Health Benefits of Apples

Breakfast is a good time to start with apples in Autumn.

  • Apples are in season

  • Protect your gut

  • Provide both soluble (like pectin) and insoluble fiber

  • Stabilize blood glucose

  • Provide powerful antioxidants and polyphenols: compounds in apples have been researched and found to guard against unhealthy or damaged cells replicating, inhibit the growth of cancer cells, block the uptake of glucose, guard against premature aging, enhance lung and colon health, guard against the harm of fats (oxidation). [Check out the footnotes on this article.]

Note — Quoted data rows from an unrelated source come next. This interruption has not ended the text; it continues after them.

lemma pdiffs_scaleR:
  assumes "smooth_fun f"
  shows "pdiffs is (\<lambda>x. f (s *\<^sub>R x)) = (\<lambda>x. s ^ length is * pdiffs is f (s *\<^sub>R x))"
proof (induction "is")
  case (Cons i "is")
  show ?case
  proof (rule ext)
    fix x
    let ?g = "pdiffs is f"
    have "((\<lambda>u. ?g (s *\<^sub>R x + u *\<^sub>R axis i 1)) has_real_derivative pdiff i ?g (s *\<^sub>R x)) (at (s * 0))"
      using assms by (simp add: pdifferentiable_DERIV pdifferentiable_def smooth_fun_def)
    from DERIV_chain2[OF this DERIV_cmult_Id[of s 0]]
    have "((\<lambda>t. ?g (s *\<^sub>R x + (s * t) *\<^sub>R axis i 1)) has_real_derivative pdiff i ?g (s *\<^sub>R x) * s) (at 0)"
      by simp
    then have "((\<lambda>t. s ^ length is * ?g (s *\<^sub>R (x + t *\<^sub>R axis i 1))) has_real_derivative
        s ^ length is * (pdiff i ?g (s *\<^sub>R x) * s)) (at 0)"
      by (intro DERIV_cmult) (simp add: scaleR_add_right)
    then have "pdiff i (\<lambda>x. s ^ length is * ?g (s *\<^sub>R x)) x = s ^ length is * (pdiff i ?g (s *\<^sub>R x) * s)"
      by (rule pdiff_eqI)
    then show "pdiffs (i # is) (\<lambda>x. f (s *\<^sub>R x)) x = s ^ length (i # is) * pdiffs (i # is) f (s *\<^sub>R x)"
      using Cons by (simp add: algebra_simps)
  qed
qed simp

lemma pdiffs_locally_constant:
  assumes "open U" "\<And>x. x \<in> U \<Longrightarrow> f x = K" "x \<in> U"
  shows "pdiffs is f x = (if is = [] then K else 0)"
  using assms(3)
proof (induction "is" arbitrary: x)
  case (Cons i "is")
  let ?S = "(\<lambda>t. x + t *\<^sub>R axis i 1) -` U"
  have "open ?S"
    by (rule continuous_open_vimage[OF assms(1)]) (intro continuous_intros)
  have "((\<lambda>t. if is = [] then K else 0) has_real_derivative 0) (at 0)"
    by simp
  then have "((\<lambda>t. pdiffs is f (x + t *\<^sub>R axis i 1)) has_real_derivative 0) (at 0)"
    by (rule has_field_derivative_transform_within_open[OF _ \<open>open ?S\<close>]) (use Cons in auto)
  then show ?case by (simp add: pdiff_eqI)
qed (use assms in simp)

lemma exists_list_count_list: "\<exists>xs. \<forall>i. count_list xs i = (\<alpha> :: 'n::finite \<Rightarrow> nat) i"
proof (induction "mi_order \<alpha>" arbitrary: \<alpha>)
  case 0
  then have "\<forall>i. \<alpha> i = 0" by (simp add: mi_order_def)
  then show ?case by (intro exI[of _ "[]"]) simp
next
  case (Suc N)
  then obtain j where j: "\<alpha> j > 0"
    by (metis (full_types) gr0I mi_order_def sum.neutral nat.simps(3))
  define \<beta> where "\<beta> = \<alpha>(j := \<alpha> j - 1)"
  have "mi_order \<alpha> = mi_order \<beta> + 1"
  proof -
    have "mi_order \<alpha> = \<alpha> j + (\<Sum>i\<in>UNIV - {j}. \<alpha> i)"
      by (simp add: mi_order_def sum.remove)
    moreover have "mi_order \<beta> = \<beta> j + (\<Sum>i\<in>UNIV - {j}. \<beta> i)"
      by (simp add: mi_order_def sum.remove)
    moreover have "(\<Sum>i\<in>UNIV - {j}. \<beta> i) = (\<Sum>i\<in>UNIV - {j}. \<alpha> i)"
      by (intro sum.cong) (auto simp: \<beta>_def)
    ultimately show ?thesis using j by (simp add: \<beta>_def)
  qed
  then obtain xs where xs: "\<forall>i. count_list xs i = \<beta> i" using Suc by force
  show ?case using xs j by (intro exI[of _ "j # xs"]) (auto simp: \<beta>_def)
qed
(* Let $T=2$, $d=1$. On a probability space $(\Omega,\mathcal F,\mathbb P)$ let $X,\varepsilon_1,\varepsilon_2$ be independent, with $X$ standard Gaussian, $\mathbb P(\varepsilon_1=-1/2)=\mathbb P(\varepsilon_1=4)=1/2$, $\mathbb P(\varepsilon_2=-1/2)=\mathbb P(\varepsilon_2=1/2)=1/2$. Let $\mathcal F_0$ be the $\sigma$-algebra of $\mathbb P$-null sets (and their complements), $\mathcal F_1=\mathcal F_0\vee\sigma(X,\varepsilon_1)$, $\mathcal F_2=\mathcal F_1\vee\sigma(\varepsilon_2)$. Let $\mathscr S=\{S^*,\tilde S,\bar S\}$ be real-valued adapted processes with increments $\Delta S^*_1=\varepsilon_1$, $\Delta S^*_2=\varepsilon_2$; $\Delta\tilde S_1=X$, $\Delta\tilde S_2=3-X$; $\Delta\bar S_1=3$, $\Delta\bar S_2=0$. Let $U(x)=\min\{\sqrt x,2\}$ for $x\ge0$ and $U(x)=-\infty$ for $x<0$, and $w_0=1$. Then $S^*\in\mathscr S^*$, and $$u(1):=\sup_{\phi\in\mathcal A(1)}\inf_{S\in\mathscr S}\mathbb E[U(W^S_2(1,\phi))]\le1<\tilde u(1):=\sup_{\phi\in\tilde{\mathcal A}(1)}\inf_{S\in\mathscr S}\mathbb E[U(W^S_2(1,\phi))],$$ where $\mathcal A(1)=\bigcap_{S\in\mathscr S}\{\phi:W^S_t(1,\phi)\ge0\text{ a.s. for }t=0,1,2\}$ and $\tilde{\mathcal A}(1)=\bigcap_{S\in\mathscr S}\{\phi:W^S_2(1,\phi)\ge0\text{ a.s.}\}$.
   Context: Strategies are $\phi=(\phi_1,\phi_2)$ with $\phi_1$ $\mathcal F_0$-measurable (a.s. constant) real and $\phi_2$ an $\mathcal F_1$-measurable real random variable; $W^S_t(w,\phi)=w+\sum_{s=1}^t\phi_s\Delta S_s$. For a process $S$, $D_t^S(\omega)$ is the smallest affine subspace of $\mathbb R$ containing the support of the regular conditional distribution of $\Delta S_t$ given $\mathcal F_{t-1}$ at $\omega$. NA($S$): for every strategy $\phi$, $W_T^S(0,\phi)\ge0$ a.s. implies $W_T^S(0,\phi)=0$ a.s. $\mathscr S^*$ is the set of $S^*\in\mathscr S$ with NA($S^*$) and $D_t^S\subseteq D_t^{S^*}$ a.s. for all $S\in\mathscr S$ and $t\in\{1,2\}$. *)

theory Defs
  imports "HOL-Probability.Probability"
begin
lemma absolutely_integrable_weight: "weight t absolutely_integrable_on UNIV"
  and absolutely_integrable_weight_dt: "weight_dt t absolutely_integrable_on UNIV"
  and absolutely_integrable_weight_dt2: "weight_dt2 t absolutely_integrable_on UNIV"
proof -
  have majorant: "weight_majorant \<bar>t\<bar> integrable_on UNIV"
    by (rule weight_majorant_integrable) simp
  show "weight t absolutely_integrable_on UNIV"
    using continuous_on_weight majorant weight_bounded_by_majorant(1)[OF order_refl]
    by (rule absolutely_integrable_continuous_dominated)
  show "weight_dt t absolutely_integrable_on UNIV"
    using continuous_on_weight_dt majorant weight_bounded_by_majorant(2)[OF order_refl]
    by (rule absolutely_integrable_continuous_dominated)
  show "weight_dt2 t absolutely_integrable_on UNIV"
    using continuous_on_weight_dt2 majorant weight_bounded_by_majorant(3)[OF order_refl]
    by (rule absolutely_integrable_continuous_dominated)
qed

lemma has_real_derivative_integral_weight:
  "((\<lambda>t. integral UNIV (weight t)) has_real_derivative integral UNIV (weight_dt t)) (at t)"
proof (rule has_real_derivative_integral_UNIV[OF has_real_derivative_weight])
  show "weight s integrable_on UNIV" for s
    by (rule set_lebesgue_integral_eq_integral(1)[OF absolutely_integrable_weight])
  show "weight_majorant (\<bar>t\<bar> + 1) integrable_on UNIV"
    by (rule weight_majorant_integrable) simp
  show "\<bar>weight_dt s x\<bar> \<le> weight_majorant (\<bar>t\<bar> + 1) x" if "\<bar>s - t\<bar> \<le> 1" for s x
    using that by (intro weight_bounded_by_majorant) linarith
qed

lemma has_real_derivative_integral_weight_dt:
  "((\<lambda>t. integral UNIV (weight_dt t)) has_real_derivative integral UNIV (weight_dt2 t)) (at t)"
proof (rule has_real_derivative_integral_UNIV[OF has_real_derivative_weight_dt])
  show "weight_dt s integrable_on UNIV" for s
    by (rule set_lebesgue_integral_eq_integral(1)[OF absolutely_integrable_weight_dt])
  show "weight_majorant (\<bar>t\<bar> + 1) integrable_on UNIV"
    by (rule weight_majorant_integrable) simp
  show "\<bar>weight_dt2 s x\<bar> \<le> weight_majorant (\<bar>t\<bar> + 1) x" if "\<bar>s - t\<bar> \<le> 1" for s x
    using that by (intro weight_bounded_by_majorant) linarith
qed

lemma integral_weight_dt2: "integral UNIV (weight_dt2 t) = t ^ 4 / 1296 * integral UNIV (weight t)"
proof -
  have "integral UNIV (\<lambda>x. weight_dt2 t x - t ^ 4 / 1296 * weight t x) = 0"
  proof (rule integral_UNIV_derivative_eq_0[OF has_real_derivative_weight_ode_primitive])
    show "(\<lambda>x. weight_dt2 t x - t ^ 4 / 1296 * weight t x) absolutely_integrable_on UNIV"
      by (intro set_integral_diff(1) set_integrable_mult_right
          absolutely_integrable_weight_dt2 absolutely_integrable_weight)
    show "((\<lambda>x. x * (t - 3 * x ^ 2) / 18 * weight t x) \<longlongrightarrow> 0) at_top"
      unfolding weight_def by real_asymp
    show "((\<lambda>x. x * (t - 3 * x ^ 2) / 18 * weight t x) \<longlongrightarrow> 0) at_bot"
      unfolding weight_def by real_asymp
  qed
  moreover have "weight_dt2 t integrable_on UNIV" "(\<lambda>x. t ^ 4 / 1296 * weight t x) integrable_on UNIV"
    using absolutely_integrable_weight_dt2 absolutely_integrable_weight
    unfolding absolutely_integrable_on_def by (auto intro: integrable_on_mult_right)
  ultimately show ?thesis
    by (simp add: integral_diff)
qed

lemma integral_weight_0: "integral UNIV (weight 0) = Gamma (1/6) / 3"
  and integral_weight_dt_0: "integral UNIV (weight_dt 0) = Gamma (5/6) / 3"
proof -
  have moment: "((\<lambda>x. x ^ a * exp (- (x ^ 6))) has_integral Gamma ((real a + 1) / 6) / 3) UNIV"
    if "even a" for a :: nat
    using has_integral_power_mult_exp_neg_power[of 6 a] that
    by (subst has_integral_even_iff[where I = "Gamma ((real a + 1) / 6) / 6", simplified])
      (simp_all add: zero_le_even_power)
  from moment[of 0] have "(weight 0 has_integral Gamma (1/6) / 3) UNIV"
    by (simp add: weight_def[abs_def])
  then show "integral UNIV (weight 0) = Gamma (1/6) / 3"
    by (rule integral_unique)
  from moment[of 4] have "(weight_dt 0 has_integral Gamma (5/6) / 3) UNIV"
    by (simp add: weight_dt_def[abs_def] weight_def)
  then show "integral UNIV (weight_dt 0) = Gamma (5/6) / 3"
    by (rule integral_unique)
qed

lemma integral_weight_eq_bessel_series:
  assumes t: "0 \<le> t"
  shows "integral UNIV (weight t) = pi / 9 * bessel_series t"
proof -
  define y where "y s = integral UNIV (weight s) - pi / 9 * bessel_series s" for s
  define y' where "y' s = integral UNIV (weight_dt s) - pi / 9 * bessel_series_deriv s" for s
  have "(y has_real_derivative y' s) (at s)" for s
    unfolding y_def y'_def
    by (intro DERIV_diff DERIV_cmult has_real_derivative_integral_weight bessel_series_has_derivative)
  moreover have "(y' has_real_derivative s ^ 4 / 1296 * y s) (at s)" for s
    unfolding y'_def
    by (rule derivative_eq_intros has_real_derivative_integral_weight_dt bessel_series_deriv_has_derivative refl)+
      (simp add: y_def integral_weight_dt2 algebra_simps)
  moreover have "y 0 = 0" "y' 0 = 0"
  proof -
    have reflection: "Gamma (1/6) * Gamma (5/6 :: real) = 2 * pi"
      using Gamma_reflection_real[of "1/6"] by (simp add: sin_30)
    have "0 < Gamma (1/6 :: real)" "0 < Gamma (5/6 :: real)"
      by simp_all
    then have "Gamma (1/6 :: real) \<noteq> 0" "Gamma (5/6 :: real) \<noteq> 0"
      by linarith+
    moreover have rGamma_7_6: "rGamma (7/6 :: real) = 6 * rGamma (1/6)"
      using rGamma_plus1[of "1/6 :: real"] by simp
    ultimately show "y 0 = 0" "y' 0 = 0"
      using reflection
      unfolding y_def y'_def integral_weight_0 integral_weight_dt_0 bessel_series_0
        bessel_series_deriv_0 rGamma_7_6
      by (simp_all add: rGamma_inverse_Gamma field_simps)
  qed
  moreover have "\<bar>s ^ 4 / 1296\<bar> \<le> t ^ 4 / 1296" if "0 \<le> s" "s \<le> t" for s
    using that power_mono[of s t 4] by simp
  ultimately have "y t = 0"
    using t by (intro linear_second_order_ode_zero[of y y' "\<lambda>s. s ^ 4 / 1296" t "t ^ 4 / 1296"])
  then show ?thesis by (simp add: y_def)
qed

lemma has_integral_exp_neg_sextic:
  assumes "0 \<le> t"
  shows "((\<lambda>x. exp (- (x^6 - t * x^4 + t^2 * x^2 / 4))) has_integral
    pi / 9 * bessel_series t * exp (- (t^3 / 108))) UNIV"
proof -
  have "(weight t has_integral pi / 9 * bessel_series t) UNIV"
    using set_lebesgue_integral_eq_integral(1)[OF absolutely_integrable_weight]
    unfolding integral_weight_eq_bessel_series[OF assms, symmetric] by (rule integrable_integral)
  moreover have "(\<lambda>x. weight t x * exp (- (t^3 / 108))) = (\<lambda>x. exp (- (x^6 - t * x^4 + t^2 * x^2 / 4)))"
    by (simp add: fun_eq_iff weight_def flip: exp_add)
  ultimately show ?thesis
    using has_integral_mult_left by metis
qed

theorem lemma6p1:
  fixes \<tau> :: real
  assumes "\<tau> > 0"
  defines "C \<equiv> pi * sqrt (6 * \<tau>) / 9 *
      (besselI (1/6) (\<tau>^3 / 108) + besselI (-1/6) (\<tau>^3 / 108)) * exp (- (\<tau>^3 / 108))"
  shows "((\<lambda>x::real. exp (- (x^6 - \<tau> * x^4 + \<tau>^2 * x^2 / 4))) has_integral C) UNIV \<and>
         ((\<lambda>s::real. s powr (-1/2) * exp (- (s * (s - \<tau> / 2)^2))) has_integral C) {0<..}"
proof -
  define h where "h x = exp (- (x^6 - \<tau> * x^4 + \<tau>^2 * x^2 / 4))" for x :: real
  have "C = pi / 9 * bessel_series \<tau> * exp (- (\<tau>^3 / 108))"
    using assms unfolding C_def by (simp add: bessel_series_eq_besselI)
  then have full: "(h has_integral C) UNIV"
    unfolding h_def[abs_def] using assms by (simp only: has_integral_exp_neg_sextic less_imp_le)
  then have "((\<lambda>s. s powr (-1/2) * h (sqrt s)) has_integral C) {0<..}"
    by (subst (asm) has_integral_even_iff_sqrt_substitution) (simp_all add: h_def)
  moreover have "s powr (-1/2) * h (sqrt s) = s powr (-1/2) * exp (- (s * (s - \<tau> / 2)^2))"
    if "s \<in> {0<..}" for s
    using that by (simp add: h_def power2_eq_square power_mult_distrib algebra_simps eval_nat_numeral)
  ultimately have "((\<lambda>s. s powr (-1/2) * exp (- (s * (s - \<tau> / 2)^2))) has_integral C) {0<..}"
    by (rule has_integral_eq[rotated])
  with full show ?thesis
    unfolding h_def[abs_def] by (rule conjI)
qed

end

  • And, they taste good without any sugar at all!

Health Benefits of Short Intermittent Fasting

First of all, let’s talk about that fast you’re breaking. Did you know that a 13 hour gap - barely more than 1/2 a day, most of which you’re asleep! - between last meal of one day and first of the next is associated a host of health benefits? Lower breast cancer rates, lower weight, lower HbA1C - a measure of average blood glucose over months.

13 hours overnight is a good target for normal, everyday life, as a baseline. This duration is good for year round. Do you have trouble fasting that long? Apples will help! The soluble and insoluble fiber will help you feel satisfied and make sure you’re not experiencing a sugar dump, or a drastic variation in your blood glucose and therefore insulin, resulting in wild energy fluctuations.

Apples for Breakfast: Malic Acid Benefits

So the first solid food in your gut is really setting a tone, and apples set the perfect one. Malic acid, highest in green apples, has been associated with decreased pain and enhanced digestion, particularly in those whose stomachs aren’t producing enough acid. 2-3 green apples per day provides enough malic acid to meet the dose administered in the pain and fibromyalgia studies. Not only does the malic acid help your stomach, but just past the stomach, the malic acid helps the liver with its functions and makes gallstones softer and more prone to passing easily or breaking up. And it increases saliva, the first digestive fluid your body uses to derive nutrients from your food! With the soluble and insoluble fiber, phytonutrients and portable package, what’s not to love?!

Stewed Apples

Stewed apples are even more digestible and retain all the health benefits. You can add spices that boost that power even more: think cinnamon, cloves, cardamom. You know I’m always going to give you the streamlined version, so while you can soak dried fruit overnight to add (think raisins for added sweetness (what?!) or apricots for tart sweetness), the very easiest thing to do is this:

1 serving

  • 1 apple, diced (you can dice the whole thing if you want, or core it)

  • 1 tsp cinnamon

  • 1/4-1/2 tsp ginger

  • 1/2 tsp cardamom

  • pinch of cloves (or 2 whole ones)

  • 1/4c water (if you’re adding almonds, walnuts or dried fruit, soak it in this overnight)

How to Stew Apples

  1. Slurry the spices in the water and warm to just bubbling.

  2. Stir the apple cubes in, with any nuts or dried fruit you’ve soaked.

  3. Cover and cook over medium low heat 10-15 minutes.

That’s IT!

Mmmmmm!!!!!

Make this a prelude to breakfast or smash it on toast, drizzle over oatmeal, seed cereal or over french toast (you may not even want syrup!), with bacon, eggs - what do you put it with?! We’d love to hear your comment below!

Conclusion

  • Apples are in season for Autumn, making them a particularly healthy choice for your microbiome.

  • Apples contain a multitude compounds including specific forms of fiber, nutrients and malic acid that studies show have near and long term health benefits.

  • Apples help you feel full.

  • Apples are easy to include in your everyday Autumn diet.

  • Granny Smith apples are particularly good for their low sugar and higher malic acid contents.

  • Stewed apples are an easy way to jump start your digestion at the beginning of your day.